And when he got over his mortification a little he resolved to investigate for himself. So he went out in the kitchen and built up a fire in the stove, took off all the griddles, and piled on the wood as nigh as Abraham did as he could in a cook stove, accordin’ to a picter the Born Baptist had shown him. He got a good hot fire goin’, and then he took a book, a costly book that Hamen had gin to Jack, thinkin’ that though it wuz pretty old for him now, he would grow up to it. It wuz full of costly engravin’s, and wuz the thing that Jack loved best of all his possessions.

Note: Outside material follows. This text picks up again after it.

(* Let $n\ge2$, $K\geq1$, ${\mathcal{A}}\in\{0,1\}^{2K\times2K}$, and assume the reproducing kernel Hilbert space $\mathcal{H}$ defining $\|\cdot\|_{\mathcal{V}}$ is continuously embedded into $C_0^1(\mathbb{R}^d\times S^{d-1})$. Let $(c_m,\rho_m)_{m\in\mathbb{N}}$ be a sequence of weighted shape graphs with $c_m=(c_m^1,\dots,c_m^K)\in\operatorname{Graph}^n({\mathcal{A}})$ and $\rho_m=(\rho_m^1,\dots,\rho_m^K)$, $\rho_m^k\in BV([0,1],\mathbb{R}_+)$, such that for every $m$ and $k$, $c^k_m$ is a $C^1$ immersion, and $c^k_m$ converges uniformly, together with its derivative, to a $C^1$ immersion $c^k:[0,1]\to\mathbb{R}^d$. Assume also that for each $k$, $\rho^k_m$ converges in $L^1([0,1])$ to some $\rho^k\in BV([0,1],\mathbb{R}_+)$. Then, with $c=(c^1,\dots,c^K)$ and $\rho=(\rho^1,\dots,\rho^K)$, $\|\mu_{c_m,\rho_m}-\mu_{c,\rho}\|_{\mathcal{V}}\to0$ as $m\to\infty$.
   Context: $\operatorname{Imm}^n([0,1],\mathbb{R}^d)$ is the set of $c\in H^n([0,1],\mathbb{R}^d)$ with $\partial_\theta c\neq0$ everywhere; $\operatorname{Graph}^n({\mathcal{A}})$ is the set of $c=(c^1,\dots,c^K)\in\prod_k\operatorname{Imm}^n([0,1],\mathbb{R}^d)$ with $c^k(0)=c^l(0)$ whenever ${\mathcal{A}}_{2k-1,2l-1}=1$, $c^k(1)=c^l(1)$ whenever ${\mathcal{A}}_{2k,2l}=1$, $c^k(0)=c^l(1)$ whenever ${\mathcal{A}}_{2k-1,2l}=1$. $BV([0,1],\mathbb{R}_+)$ is the space of nonnegative functions of bounded variation on $[0,1]$. Let $\mathcal{K}$ be a positive definite kernel on $\mathbb{R}^d\times S^{d-1}$ with RKHS $\mathcal{H}$; $C_0^1(\mathbb{R}^d\times S^{d-1})$ is the space of $C^1$ functions vanishing at infinity with their first derivatives, normed by $\|\omega\|_\infty+\|d\omega\|_\infty$. For a finite signed Radon measure $\mu$ on $\mathbb{R}^d\times S^{d-1}$, $\|\mu\|_{\mathcal{V}}=\sup_{\omega\in\mathcal{H},\|\omega\|_{\mathcal{H}}\le1}\int\omega\,d\mu$. For $c=(c^1,\dots,c^K)$ with $C^1$ immersion components and integrable weights $\rho=(\rho^1,\dots,\rho^K)$, $\mu_{c,\rho}$ is the measure with $\int\omega\,d\mu_{c,\rho}=\sum_{k=1}^K\int_0^1\rho^k(\theta)\,\omega\big(c^k(\theta),\partial_\theta c^k(\theta)/|\partial_\theta c^k(\theta)|\big)|\partial_\theta c^k(\theta)|\,d\theta$. *)

theory Defs
  imports "HOL-Analysis.Analysis"
begin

So he laid that book on the hot griddles, and then knelt down and prayed for God not to burn it up. He lifted his voice loud in prayer. Tamer Ann, who heard him, thought that he wuz preachin’, as he often did.

So she didn’t interfere, and she wuz at that very minute mistrustin’ she had got a new distemper. She had bumped her knee gittin’ down to look under the bed after a dime novel, “The Wild Princess of the Enchanted Forest,” and wuz some in hopes that she had got the sinevetus. But pretty soon she smelt a smudge, and she run out and there wuz the valuable book all burnt and shriveled up, and poor little Jack kneelin’ there with the tears runnin’ down his cheeks in copious astorents and he a moanin’ to himself, and groanin’ out:

“Oh, the Lord might a done it if He had wanted to!” and “Oh, the lamb didn’t come!” and “Oh, He didn’t save my book!” And so on and so on.

Well, Tamer Ann didn’t take the poor little mourner and seeker after truth to her heart and wipe away his tears and tell him all about it, all she could tell, all any of us can tell, which is little enough, Heaven knows. No, she jest whipped him severely. And when he tried to tell her what he did it for, how the teacher had told him that it wuz so, she told him to stop instantly and to not say another word to her about it, but to go to bed without his supper for his naughtiness. And poor little Jack had to meach off to bed and lay there with his little mind workin’ on and workin’ on, his hungry stomach makin’ his brain all the more active.

Tamer Ann might whip his tongue still, but she couldn’t stop his mind from workin’. No, the one that set that machinery to goin’ wuz the only one who could stop it. As he had told his Ma once, “You can make me keep my tongue still, but you can’t stop my thinker.” No, Tamer Ann couldn’t whip that still.

Well, the poor little creeter lay and pondered over what could have caused the failure of his plans. And he finally made up his mind that his sacrifice wuzn’t costly enough.

He loved the book the best of anything he owned, but the B. B. had told him that he must offer up what he loved best of anything in the world. And he remembered, too, in the story of Abraham it wuz a livin’ sacrifice. Why hadn’t he thought of it? Why, it must be his mother, of course. For, by that mystery of love born in the deep silence and perils of maternity, Jack loved his mother the best of all, and Tamer loved him (in her way).

Well, from that time Tamer Ann wuz doomed in Jack’s eyes, set apart as a costly oblation to be offered up on the altar of sacrifice, and he begun to watch her so mysterious like, and kinder prowl round her in such a strange way that they all noticed it. He went to Sabbath school agin in the meantime, and wuz agin fed on the sound, hard food that would almost have cracked the teeth of a adult, but which poor little Jack wuz expected to chew on and digest (poor little creeter!)